> PROVIDED RECORDS
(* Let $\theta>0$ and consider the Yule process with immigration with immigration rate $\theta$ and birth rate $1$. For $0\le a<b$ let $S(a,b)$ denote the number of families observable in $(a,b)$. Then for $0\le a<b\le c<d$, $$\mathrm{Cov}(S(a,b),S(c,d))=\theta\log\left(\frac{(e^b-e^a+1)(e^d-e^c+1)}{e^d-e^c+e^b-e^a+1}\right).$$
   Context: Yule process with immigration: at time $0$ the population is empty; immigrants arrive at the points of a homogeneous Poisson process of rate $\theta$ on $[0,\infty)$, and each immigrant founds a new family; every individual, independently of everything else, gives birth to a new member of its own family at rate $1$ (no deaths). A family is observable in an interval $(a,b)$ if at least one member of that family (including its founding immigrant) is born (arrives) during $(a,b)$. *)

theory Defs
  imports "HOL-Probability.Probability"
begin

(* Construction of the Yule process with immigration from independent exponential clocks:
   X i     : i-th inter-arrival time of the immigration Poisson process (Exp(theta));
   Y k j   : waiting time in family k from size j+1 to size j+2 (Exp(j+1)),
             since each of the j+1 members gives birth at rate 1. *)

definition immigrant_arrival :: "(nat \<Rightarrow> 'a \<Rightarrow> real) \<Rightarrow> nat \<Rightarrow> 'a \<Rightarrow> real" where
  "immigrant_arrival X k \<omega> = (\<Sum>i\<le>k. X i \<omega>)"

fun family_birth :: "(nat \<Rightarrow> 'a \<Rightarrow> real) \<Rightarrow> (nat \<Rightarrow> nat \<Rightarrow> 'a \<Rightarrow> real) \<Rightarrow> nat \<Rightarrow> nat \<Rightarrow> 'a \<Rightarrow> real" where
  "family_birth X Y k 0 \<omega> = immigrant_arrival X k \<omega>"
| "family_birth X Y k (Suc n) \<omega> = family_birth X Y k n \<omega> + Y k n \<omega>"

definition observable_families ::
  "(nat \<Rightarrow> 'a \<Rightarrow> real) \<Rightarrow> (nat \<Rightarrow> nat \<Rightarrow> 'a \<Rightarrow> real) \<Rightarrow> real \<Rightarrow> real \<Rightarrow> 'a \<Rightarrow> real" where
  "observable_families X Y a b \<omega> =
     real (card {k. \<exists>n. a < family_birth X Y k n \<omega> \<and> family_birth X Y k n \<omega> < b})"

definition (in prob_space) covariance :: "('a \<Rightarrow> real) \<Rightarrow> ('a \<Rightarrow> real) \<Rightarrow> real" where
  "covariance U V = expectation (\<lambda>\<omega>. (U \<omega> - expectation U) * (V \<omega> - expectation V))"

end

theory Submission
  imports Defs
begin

==

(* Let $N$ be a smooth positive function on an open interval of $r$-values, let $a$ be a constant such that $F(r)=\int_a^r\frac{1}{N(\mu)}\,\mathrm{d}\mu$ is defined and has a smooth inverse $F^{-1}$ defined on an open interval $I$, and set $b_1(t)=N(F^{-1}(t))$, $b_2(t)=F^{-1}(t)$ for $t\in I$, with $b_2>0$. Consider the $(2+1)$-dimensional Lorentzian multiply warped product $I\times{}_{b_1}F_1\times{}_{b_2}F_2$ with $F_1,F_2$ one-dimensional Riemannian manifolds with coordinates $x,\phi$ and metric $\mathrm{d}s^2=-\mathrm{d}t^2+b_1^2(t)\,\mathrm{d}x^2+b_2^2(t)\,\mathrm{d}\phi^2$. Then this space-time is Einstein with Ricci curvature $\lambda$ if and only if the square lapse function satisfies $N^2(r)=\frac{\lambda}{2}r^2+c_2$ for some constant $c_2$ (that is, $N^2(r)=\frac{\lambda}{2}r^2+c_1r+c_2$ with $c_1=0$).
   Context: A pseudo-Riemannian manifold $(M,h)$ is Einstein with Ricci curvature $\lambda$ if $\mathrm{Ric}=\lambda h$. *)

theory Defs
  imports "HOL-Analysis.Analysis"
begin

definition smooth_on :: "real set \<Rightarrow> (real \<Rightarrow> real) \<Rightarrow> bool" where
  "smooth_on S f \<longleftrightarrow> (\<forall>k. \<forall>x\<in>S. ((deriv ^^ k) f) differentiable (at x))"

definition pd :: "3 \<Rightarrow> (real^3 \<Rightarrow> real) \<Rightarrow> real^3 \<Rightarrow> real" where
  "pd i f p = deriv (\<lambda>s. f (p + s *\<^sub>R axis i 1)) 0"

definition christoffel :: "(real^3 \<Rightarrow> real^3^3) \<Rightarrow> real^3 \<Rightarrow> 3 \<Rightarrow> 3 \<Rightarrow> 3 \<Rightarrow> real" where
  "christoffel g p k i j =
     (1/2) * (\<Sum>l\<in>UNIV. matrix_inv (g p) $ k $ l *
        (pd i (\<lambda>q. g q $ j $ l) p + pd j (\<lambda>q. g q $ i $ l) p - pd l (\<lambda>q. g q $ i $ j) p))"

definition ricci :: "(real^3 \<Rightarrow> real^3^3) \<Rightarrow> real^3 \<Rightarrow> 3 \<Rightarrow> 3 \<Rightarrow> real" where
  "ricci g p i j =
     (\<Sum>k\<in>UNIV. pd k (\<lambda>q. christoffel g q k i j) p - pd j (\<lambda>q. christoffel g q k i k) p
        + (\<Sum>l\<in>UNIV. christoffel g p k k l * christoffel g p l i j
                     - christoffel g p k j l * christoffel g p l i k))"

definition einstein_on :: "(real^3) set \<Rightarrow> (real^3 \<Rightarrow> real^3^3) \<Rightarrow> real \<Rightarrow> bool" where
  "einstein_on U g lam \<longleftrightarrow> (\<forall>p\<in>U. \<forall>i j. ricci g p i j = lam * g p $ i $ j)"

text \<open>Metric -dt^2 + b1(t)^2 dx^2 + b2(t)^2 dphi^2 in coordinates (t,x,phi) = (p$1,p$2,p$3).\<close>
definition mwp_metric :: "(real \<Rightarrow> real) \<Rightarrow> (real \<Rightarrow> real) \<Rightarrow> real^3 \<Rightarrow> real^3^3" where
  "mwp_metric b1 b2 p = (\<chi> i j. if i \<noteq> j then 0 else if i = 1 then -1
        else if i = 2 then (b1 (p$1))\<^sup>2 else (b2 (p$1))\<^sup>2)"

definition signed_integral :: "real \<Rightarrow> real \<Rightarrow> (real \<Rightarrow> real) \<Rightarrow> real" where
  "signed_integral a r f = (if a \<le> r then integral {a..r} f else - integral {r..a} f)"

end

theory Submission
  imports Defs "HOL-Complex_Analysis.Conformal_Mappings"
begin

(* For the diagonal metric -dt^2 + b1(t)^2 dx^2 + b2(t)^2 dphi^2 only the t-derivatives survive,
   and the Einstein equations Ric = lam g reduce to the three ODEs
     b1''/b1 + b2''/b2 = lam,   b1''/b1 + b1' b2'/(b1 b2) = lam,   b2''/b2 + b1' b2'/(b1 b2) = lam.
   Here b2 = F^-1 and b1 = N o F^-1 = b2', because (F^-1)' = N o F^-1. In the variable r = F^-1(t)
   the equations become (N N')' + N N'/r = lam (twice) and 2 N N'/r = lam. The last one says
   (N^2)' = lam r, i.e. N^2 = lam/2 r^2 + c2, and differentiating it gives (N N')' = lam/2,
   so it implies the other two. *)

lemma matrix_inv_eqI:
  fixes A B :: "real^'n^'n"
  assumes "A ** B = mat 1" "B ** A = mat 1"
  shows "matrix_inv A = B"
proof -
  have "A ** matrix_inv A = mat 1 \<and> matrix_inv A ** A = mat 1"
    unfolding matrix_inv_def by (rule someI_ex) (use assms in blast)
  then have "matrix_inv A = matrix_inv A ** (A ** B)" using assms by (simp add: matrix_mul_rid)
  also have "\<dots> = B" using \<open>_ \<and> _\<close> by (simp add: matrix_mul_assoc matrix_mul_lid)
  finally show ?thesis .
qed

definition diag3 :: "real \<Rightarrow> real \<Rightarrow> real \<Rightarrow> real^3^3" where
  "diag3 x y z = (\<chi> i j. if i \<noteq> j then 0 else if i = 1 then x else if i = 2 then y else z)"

> WHAT YOU ARE ASKED TO DO
Wherever a line in the data above holds the word "close", copy that line.

> WRITTEN ANSWER
text \<open>Metric -dt^2 + b1(t)^2 dx^2 + b2(t)^2 dphi^2 in coordinates (t,x,phi) = (p$1,p$2,p$3).\<close>
  also have "\<dots> = B" using \<open>_ \<and> _\<close> by (simp add: matrix_mul_assoc matrix_mul_lid)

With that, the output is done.